Some CI/CD services like GitHub Actions or TravisCI will take a configuration file which declares the CI/CD steps to run. These services will run the build on some machine; but the point of "self hosting is good" is that you'll be able to run the CI/CD build with a more powerful host, and complete the CI/CD build quicker compared to the 'managed' cloud builders.


Even locally,I’m will have my active dev directory, and a just git directory where I git clean -d -f -x ; git pull ; make periodically to protect against such distressingly common errors.

Doesn’t address local tools dependencies, but those tend to be less (tho golangci-lint is like ten minutes of downloads for the over 100 deps (and due to or terrifically slow MITMed network proxies) I finally just made all the build tooling a published base image for the actual builds).


In Azure DevOps at least, 'self hosting' means running the CI/CD on your own private server which could be a VM, bare metal, even a container. This method has some advantages like being able to fully customize your tooling, it could be less expensive, faster, etc. All depends on your use case.


>Your last development machine that was thrown away is so much faster than this

>the computer I bought as a student in 2008 is comparable

>the phone you had two generations ago

Good for Americans (or first-world citizens)


As a Romanian web dev, my 8-y-o laptop has a 4-core CPU, 12GB RAM, and 256GB of SSD space.

The laptop cost about 110% of my monthly entry-level salary.


Romania is significantly better developed and more affluent than most of the world. My similarly aged laptop had much worse hardware than what you're describing and cost 200%+ of my old entry-level salary. (I don't use laptops anymore.)

GitHub CI also has much better network connectivity (both speed and especially ping) compared to most parts of my country.


> Good for Americans (or first-world citizens)

By your logic poor people actually have more money to spend on renting cloud services.


That's often the case, and it's a reason why being poor can be expensive. Poor people are more likely to rent the capital they need to work.

In my country I've seen people rent cars, rent a smartphone, and literally rent someone else's Uber account just to work as a driver.
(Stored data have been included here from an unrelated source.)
text \<open>Grouping the Farey fractions by denominator gives \<open>F(n,\<sigma>) = \<Sum>{d \<le> n} P(d) / d^(2\<sigma>)\<close>,
  where \<open>P(d)\<close> is the sum of \<open>f\<^sub>\<sigma>\<close> over the reduced fractions \<open>k/d\<close>, because
  \<open>(k d)^(-\<sigma>) = (k/d)^(-\<sigma>) d^(-2\<sigma>)\<close>. Reducing every \<open>k/d\<close> with \<open>1 \<le> k \<le> d\<close> shows
  \<open>D(d) = \<Sum>{c | d} P(c)\<close>, so \<open>P = \<mu> * D\<close> by Moebius inversion. The second form comes from
  expanding the convolution, since \<open>d \<mapsto> d^(2\<sigma>)\<close> is completely multiplicative.\<close>

lemma moebius_prime_mult:
  assumes p: "prime (p::nat)" and "\<not> p dvd e" and "e > 0"
  shows "moebius (p * e) = - moebius e"
proof -
  have "coprime p e" using assms by (simp add: prime_imp_coprime)
  then have "squarefree (p * e) \<longleftrightarrow> squarefree e"
    using squarefree_mult_coprime squarefree_prime[OF p] squarefree_mono by (metis dvd_triv_right)
  moreover have "prime_factors (p * e) = insert p (prime_factors e)"
    using prime_factors_product[of p e] assms prime_prime_factors[OF p] by (simp add: prime_gt_0_nat)
  moreover have "p \<notin> prime_factors e" using assms by auto
  ultimately show ?thesis using assms by (auto simp: moebius_def prime_gt_0_nat)
qed

lemma moebius_prime_mult_eq_0:
  assumes "prime (p::nat)" and "p dvd e"
  shows "moebius (p * e) = 0"
proof -
  have "p * p dvd p * e" using assms by simp
  then have "\<not> squarefree (p * e)"
    using assms not_squarefreeI[of p "p * e"] by (metis not_prime_unit power2_eq_square)
  then show ?thesis by (simp add: moebius_def)
qed
(* Assume (A1)–(A4) and $(RC_+)$. Then the Markovian strategy $\pi_t^+:=\mathbf{1}_{R^+}(X_{t-1})$, $t\ge1$, generates an asymptotic exponential arbitrage with geometrically decaying probability of failure: there are constants $b>0$ and $c>0$ such that $\mathbb{P}(V_t^{\pi^+}\ge e^{bt})\ge 1-e^{-ct}$ for all sufficiently large $t$.
   Context: Setting: $\mu,\sigma:\mathbb{R}\to\mathbb{R}$ are measurable, $(\varepsilon_t)_{t\ge1}$ are i.i.d. real random variables on $(\Omega,\mathcal{F},\mathbb{P})$, $X_0\in\mathbb{R}$ is a constant, and $X_t=X_{t-1}+\mu(X_{t-1})+\sigma(X_{t-1})\varepsilon_t$ for $t\ge1$. The (discounted) stock price is $S_t=e^{X_t}$ and $\mathcal{F}_t=\sigma(X_s,0\le s\le t)$. Assumptions: (A1) $\varepsilon_1$ has a density $\gamma$ w.r.t. Lebesgue measure $\lambda$ which is bounded and bounded away from $0$ on each compact subset of $\mathbb{R}$; (A2) $\mu$ is locally bounded, $\sigma$ is positive, bounded away from $0$ on each compact set and globally bounded; (A3) $\limsup_{|x|\to\infty}|x+\mu(x)|/|x|<1$; (A4) there is $\kappa>0$ with $\mathbb{E}e^{\kappa\varepsilon_1^2}<\infty$, and $\mathbb{E}\varepsilon_1=0$. Condition $(RC_+)$: the set $R^+:=\{x\in\mathbb{R}:\mu(x)>0\}$ has $\lambda(R^+)>0$. A trading strategy is an $(\mathcal{F}_t)$-predictable $[0,1]$-valued process $(\pi_t)_{t\ge1}$ ($\pi_t$ is $\mathcal{F}_{t-1}$-measurable); its wealth process is $V_0^\pi=V_0>0$ and $V_t^\pi=V_{t-1}^\pi\big((1-\pi_t)+\pi_t S_t/S_{t-1}\big)$, $t\ge1$. *)

theory Defs
  imports "HOL-Probability.Probability"
begin

fun Xproc :: "(real \<Rightarrow> real) \<Rightarrow> (real \<Rightarrow> real) \<Rightarrow> (nat \<Rightarrow> 'a \<Rightarrow> real) \<Rightarrow> real \<Rightarrow> nat \<Rightarrow> 'a \<Rightarrow> real" where
  "Xproc \<mu> \<sigma> \<epsilon> x0 0 \<omega> = x0"
| "Xproc \<mu> \<sigma> \<epsilon> x0 (Suc t) \<omega> =
     Xproc \<mu> \<sigma> \<epsilon> x0 t \<omega> + \<mu> (Xproc \<mu> \<sigma> \<epsilon> x0 t \<omega>)
     + \<sigma> (Xproc \<mu> \<sigma> \<epsilon> x0 t \<omega>) * \<epsilon> (Suc t) \<omega>"
(* Let $a,b>0$, $M\ge 1$ and consider solutions $\mathbf u(t)=(u_x(t))_{x\in\mathbb Z}$ of the mean-field equations with initial values in $[0,1]^{\mathbb Z}$. (i) If expansion occurs, then there are $u,L,x_0,\delta,c>0$ with $u_-<u<u_+$ such that: whenever $u_x(0)\ge u$ for all $|x|\le L$, we have $u_x(t)\ge u+\delta$ for all $t>0$ and all $x$ with $|x|\le ct-x_0$. (ii) If retreat occurs, then there are $u,L,x_0,\delta,c>0$ with $0<u<u_-$ (when $a+b<4$, the requirement $u<u_-$ is dropped) such that: whenever $u_x(0)\le u$ for all $|x|\le L$, we have $u_x(t)\le u-\delta$ for all $t>0$ and all $x$ with $|x|\le ct-x_0$.
   Context: Fix parameters $a,b>0$ and an integer $M\ge 1$ (dispersal range). For $x,y\in\mathbb Z$ write $y\sim x$ iff $0<|x-y|\le M$. The mean-field equations are the system $$u_x'=\Big(a u_x^2+\frac{b}{2M}\sum_{y\sim x}u_y^2\Big)(1-u_x)-u_x,\qquad x\in\mathbb Z,$$ for $\mathbf u(t)=(u_x(t))_{x\in\mathbb Z}$; for every initial value in $[0,1]^{\mathbb Z}$ it has a unique global solution, which stays in $[0,1]^{\mathbb Z}$. Let $r=a+b$. When $r>4$ put $w=(1/4-1/r)^{1/2}$, $u_-=1/2-w$, $u_+=1/2+w$ (the nonzero zeros of $ru^2(1-u)-u$); when $r=4$ put $u_-=u_+=1/2$. Expansion (defined for $r>4$): there is $u$ with $u_-<u<u_+$ such that the solution with $u_x(0)=u\,\mathbf 1(x\le 0)$ satisfies $u_1(t_0)=u$ for some $t_0>0$. Retreat (for $r\ge4$): there are $u_*,u^*$ with $0<u_*<u_-\le u_+<u^*\le 1$ such that the solution with $u_x(0)=u^*\mathbf 1(x<0)+u_*\mathbf 1(x\ge 0)$ satisfies $u_{-1}(t_0)=u_*$ for some $t_0>0$. By convention, retreat is also said to occur whenever $r<4$. *)

theory Defs
  imports Complex_Main
begin

definition nbrs :: "nat \<Rightarrow> int \<Rightarrow> int set" where
  "nbrs M x = {x - int M .. x + int M} - {x}"

definition mf_rhs :: "real \<Rightarrow> real \<Rightarrow> nat \<Rightarrow> (int \<Rightarrow> real) \<Rightarrow> int \<Rightarrow> real" where
  "mf_rhs a b M v x =
     (a * (v x)\<^sup>2 + b / (2 * real M) * (\<Sum>y\<in>nbrs M x. (v y)\<^sup>2)) * (1 - v x) - v x"

definition mf_solution :: "real \<Rightarrow> real \<Rightarrow> nat \<Rightarrow> (real \<Rightarrow> int \<Rightarrow> real) \<Rightarrow> bool" where
  "mf_solution a b M u \<longleftrightarrow>
     (\<forall>t\<ge>0. \<forall>x. 0 \<le> u t x \<and> u t x \<le> 1) \<and>
     (\<forall>x. \<forall>t\<ge>0. ((\<lambda>s. u s x) has_real_derivative mf_rhs a b M (u t) x) (at t within {0..}))"

definition u_minus :: "real \<Rightarrow> real" where
  "u_minus r = 1/2 - sqrt (1/4 - 1/r)"

definition u_plus :: "real \<Rightarrow> real" where
  "u_plus r = 1/2 + sqrt (1/4 - 1/r)"

definition expansion :: "real \<Rightarrow> real \<Rightarrow> nat \<Rightarrow> bool" where
  "expansion a b M \<longleftrightarrow> a + b > 4 \<and>
     (\<exists>u. u_minus (a+b) < u \<and> u < u_plus (a+b) \<and>
        (\<exists>sol. mf_solution a b M sol \<and> (\<forall>x. sol 0 x = (if x \<le> 0 then u else 0)) \<and>
               (\<exists>t0>0. sol t0 1 = u)))"

definition retreat :: "real \<Rightarrow> real \<Rightarrow> nat \<Rightarrow> bool" where
  "retreat a b M \<longleftrightarrow> a + b < 4 \<or>
     (a + b \<ge> 4 \<and>
      (\<exists>us uS. 0 < us \<and> us < u_minus (a+b) \<and> u_minus (a+b) \<le> u_plus (a+b) \<and>
          u_plus (a+b) < uS \<and> uS \<le> 1 \<and>
        (\<exists>sol. mf_solution a b M sol \<and> (\<forall>x. sol 0 x = (if x < 0 then uS else us)) \<and>
               (\<exists>t0>0. sol t0 (-1) = us))))"

end

theory Submission
  imports Defs "HOL-Analysis.Analysis"
begin

text \<open>
  Everything rests on a comparison principle: a subsolution lying below a supersolution up to
  an error \<open>h\<close> at time 0 stays below it up to \<open>e\<^sup>\<rho>\<^sup>t h\<close>, for every weight \<open>h\<close> whose values at
  neighbouring sites differ at most by the factor \<open>e\<^sup>M\<close>. With exponential weights it localises
  the behaviour of spatially constant sub- and supersolutions to plateaus, and it transports the
  front from the expansion (retreat) hypothesis into any plateau: in one period \<open>t\<^sub>0\<close> a plateau at
  level \<open>u\<close> gains a site while its defect grows by a bounded factor. Finitely many such front steps,
  followed by a step in which the reaction term restores the level, widen the plateau by one site
  in bounded time; this is spreading at linear speed. For retreat the front comparison needs a
  global bound, supplied by the fact that all solutions drop below any level above \<open>u\<^sub>+\<close> in bounded
  time; for \<open>a + b < 4\<close> all solutions even fall below \<open>1/4\<close> uniformly.
\<close>

section \<open>Symmetries of the mean-field equations\<close>

lemma nbrs_shift: "nbrs M (x + k) = (\<lambda>y. y + k) ` nbrs M x"
proof -
  have "(\<lambda>y. y + k) ` nbrs M x = {z. \<exists>y. z = y + k \<and> y \<in> nbrs M x}" by auto
  also have "\<dots> = nbrs M (x + k)"
    unfolding nbrs_def by (auto intro: exI[of _ "_ - k"])
  finally show ?thesis by simp
qed

lemma nbrs_reflect: "nbrs M (- x) = uminus ` nbrs M x"
proof -
  have "uminus ` nbrs M x = {z. \<exists>y. z = - y \<and> y \<in> nbrs M x}" by auto
  also have "\<dots> = nbrs M (- x)"
    unfolding nbrs_def by (auto intro: exI[of _ "- _"])
  finally show ?thesis by simp
qed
If Mighty had developed their product for ancient Windows laptops instead of Macs, they would have had millions of customers. It still wouldn't be profitable, because they'd be very poor customers.


Mighty? (Sorry, it's impossible to Google-search that term.)


Mighty is (was?) a company that made a cloud service that let you use a Chrome extension to remote into a powerful computer so that you could have hundreds of tabs open without slowing down your computer.

Sounds silly, but suppose you are a starving artist whose ancient laptop can't even run Photoshop. It might make sense to remote into a powerful computer that can run Google Chrome, then from that computer use a web-based Photoshop replacement like Figma.

Unfortunately the people at Mighty chose to focus on Mac users, because they had to impress wealthy investors to get them to invest, and those investors are Mac users.

https://www.mightyapp.com/


That is one of the coolest things I've seen in a while. I have a Mac, I may try it.